Интервью С. Арановича японскому обозревателю
Сигехико Хасуми (1993 г.)
СЕМЕН ДАВЫДОВИЧ АРАНОВИЧ:
"...Кинорежиссура - моя вторая профессия. С детства у меня была одна мечта - я хотел стать пилотом. Мои родители были в ужасе, но с тех пор, как себя помню, я был страшно упрям. Я хотел поступить не в простую школу для летчиков, а в какую-нибудь необыкновенную. В итоге оказался в Институте морской авиации. Закончил его и уже в чине майора, получил назначение на север, в отдаленную область за Полярным кругом.
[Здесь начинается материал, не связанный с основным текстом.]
(* Let $G=GL_{d+1}(L)$ with the setting below and $\xi$ given by $(a_1,\dots,a_{d+1})$, $a_1\le\dots\le a_{d+1}$. Then $T'_\xi(K)$ consists of all $\zeta\in T'(K)$ such that the polygon $\mathcal{P}\big((\mathrm{val}_L(\zeta_1),\dots,\mathrm{val}_L(\zeta_{d+1}))^{dom}\big)$ lies on or above the polygon $\mathcal{P}(a_1,a_2+[L:\mathbb{Q}_p],\dots,a_{d+1}+d[L:\mathbb{Q}_p])$ and both polygons have the same endpoint.
   Context: $L$ is a finite extension of $\mathbb{Q}_p$ with ring of integers $o_L$, prime element $\pi_L$, residue field cardinality $q$, normalized absolute value $|\ |_L$; $K$ a complete extension field of $\mathbb{Q}_p$ containing $L$; $\mathrm{val}_L:K^\times\to\mathbb{R}$ with $\mathrm{val}_L(L^\times)=\mathbb{Z}$. $G=GL_{d+1}(L)$, $P$ lower triangular Borel, $T$ diagonal torus, $U_0=GL_{d+1}(o_L)$, $\Lambda=T/(T\cap U_0)$, $\lambda:T\to\Lambda$ the projection, $W=S_{d+1}$ acting by conjugation, $\Phi^+$ roots of $T$ in $\mathrm{Lie}(P)$, $T^{--}=\{t:|\alpha(t)|_L\ge1\ \forall\alpha\in\Phi^+\}$, $\Lambda^{--}=\lambda(T^{--})$. $\xi(\mathrm{diag}(g_i))=\prod g_i^{a_i}$. $\gamma_\xi(w,\lambda(t)):=\big(\prod_{\alpha\in\Phi^+\setminus{}^{w^{-1}}\Phi^+}|\alpha(t)|_L\big)\pi_L^{\mathrm{val}_L(\xi({}^wt))-\mathrm{val}_L(\xi(t))}$, $\gamma_\xi^{dom}(\lambda):=\gamma_\xi(w,\lambda)$ for $w$ with ${}^w\lambda\in\Lambda^{--}$. $T'(K)=\mathrm{Hom}(\Lambda,K^\times)$, $T'_\xi(K)=\{\zeta:|\zeta(\lambda)|\le|\gamma_\xi^{dom}(\lambda)|\ \forall\lambda\}$. Coordinates: $\zeta_i:=q^{i-1}\pi_L^{a_i}\zeta(\lambda_{\{i\}})$ where $\lambda_{\{i\}}$ is the class of the diagonal matrix with $\pi_L$ in place $i$ and $1$ elsewhere. For $r\in\mathbb{R}^{d+1}$, $r^{dom}$ is its rearrangement in increasing order, and for an increasing sequence $r_1\le\dots\le r_{d+1}$, $\mathcal{P}(r)$ is the convex polygon through $(0,0),(1,r_1),(2,r_1+r_2),\dots,(d+1,r_1+\dots+r_{d+1})$. *)

theory Defs
  imports Complex_Main "HOL-Combinatorics.Permutations" "HOL-Computational_Algebra.Primes"
begin
lemma S_max_S_min_count:
  assumes disjoint: "\<And>p q. p \<in> P \<Longrightarrow> q \<in> P \<Longrightarrow> p \<noteq> q \<Longrightarrow> set p \<inter> set q = {}"
    and distinct: "\<And>p. p \<in> P \<Longrightarrow> distinct p"
    and X: "meets_each_path_once P X" and Y: "meets_each_path_once P Y"
  shows "of_bool (e \<in> S_max P (X \<union> Y)) + of_bool (e \<in> S_min P (X \<union> Y))
       = (of_bool (e \<in> X) + of_bool (e \<in> Y) :: nat)"
proof -
  define Q where "Q = {p \<in> P. set p \<inter> (X \<union> Y) \<noteq> {}}"
  have S_def: "S_max P (X \<union> Y) = (\<lambda>p. p ! (GREATEST i. i < length p \<and> p ! i \<in> X \<union> Y)) ` Q"
    "S_min P (X \<union> Y) = (\<lambda>p. p ! (LEAST i. i < length p \<and> p ! i \<in> X \<union> Y)) ` Q"
    unfolding S_max_def S_min_def Q_def by simp_all
  have index: "(GREATEST i. i < length p \<and> p ! i \<in> X \<union> Y) < length p"
    "(LEAST i. i < length p \<and> p ! i \<in> X \<union> Y) < length p" if "p \<in> Q" for p
  proof -
    have meets: "set p \<inter> (X \<union> Y) \<noteq> {}" using that unfolding Q_def by simp
    show "(GREATEST i. i < length p \<and> p ! i \<in> X \<union> Y) < length p"
      using meets by (rule Greatest_nth_index_less)
    show "(LEAST i. i < length p \<and> p ! i \<in> X \<union> Y) < length p"
      using meets by (rule Least_nth_index_less)
  qed
  show ?thesis
  proof (cases "\<exists>p0\<in>P. e \<in> set p0")
    case False
    then have "e \<notin> X" "e \<notin> Y"
      using X Y unfolding meets_each_path_once_def by blast+
    moreover have "e \<notin> S_max P (X \<union> Y)" "e \<notin> S_min P (X \<union> Y)"
      using False index unfolding S_def Q_def by (auto dest!: nth_mem)
    ultimately show ?thesis by simp
  next
    case True
    then obtain p0 where p0: "p0 \<in> P" "e \<in> set p0" by blast
    have "\<exists>a. X \<inter> set p0 = {a}" "\<exists>b. Y \<inter> set p0 = {b}"
      using X Y p0(1) by (simp_all add: meets_each_path_once_def)
    then obtain a b where a: "X \<inter> set p0 = {a}" and b: "Y \<inter> set p0 = {b}" by blast
    then have ab: "set p0 \<inter> (X \<union> Y) = {a, b}" by blast
    then have "p0 \<in> Q" using p0(1) unfolding Q_def by blast
    have unique: "p = p0" if "p \<in> Q" "e \<in> set p" for p
      using disjoint[of p p0] that p0 unfolding Q_def by blast
    have "e \<in> S_max P (X \<union> Y) \<longleftrightarrow> e = p0 ! (GREATEST i. i < length p0 \<and> p0 ! i \<in> X \<union> Y)"
      unfolding S_def by (rule mem_image_nth_iff_unique[OF unique index(1) \<open>p0 \<in> Q\<close>])
    moreover have "e \<in> S_min P (X \<union> Y) \<longleftrightarrow> e = p0 ! (LEAST i. i < length p0 \<and> p0 ! i \<in> X \<union> Y)"
      unfolding S_def by (rule mem_image_nth_iff_unique[OF unique index(2) \<open>p0 \<in> Q\<close>])
    moreover have "e \<in> X \<longleftrightarrow> e = a" "e \<in> Y \<longleftrightarrow> e = b" using a b p0(2) by blast+
    ultimately show ?thesis
      using last_first_occurrence_count[OF distinct[OF p0(1)] ab] by simp
  qed
qed

lemma mult_eq_sum: "mult e C = (\<Sum>i<length C. of_bool (e \<in> C ! i))"
  by (simp add: mult_def lessThan_def Collect_conj_eq)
Я бы не сказал, что это самое лучшее место в мире: суровый климат, полярная ночь, длящаяся шесть месяцев в году, когда днем темно, как ночью. Я провел там шесть лет. Затем, как это часто бывает в авиации, у меня случилась авария. Это завершилось скитаниями из одного госпиталя в другой, пока я не понял окончательно, что летать мне больше не суждено. Однако я всегда интересовался документальным кино и потому решил поступать в Институт кинематографии. Провалился при первой же попытке. Наконец, я все-таки поступил на отделение документального фильма и понял, что профессия кинематографиста — та самая, которую мне назначила судьба. В то же время я также понимал, что если бы не предыдущий опыт моей прежней профессии и знание другой жизни, которая воспитала и сформировала мой характер, я бы никогда не стал кинорежиссером..."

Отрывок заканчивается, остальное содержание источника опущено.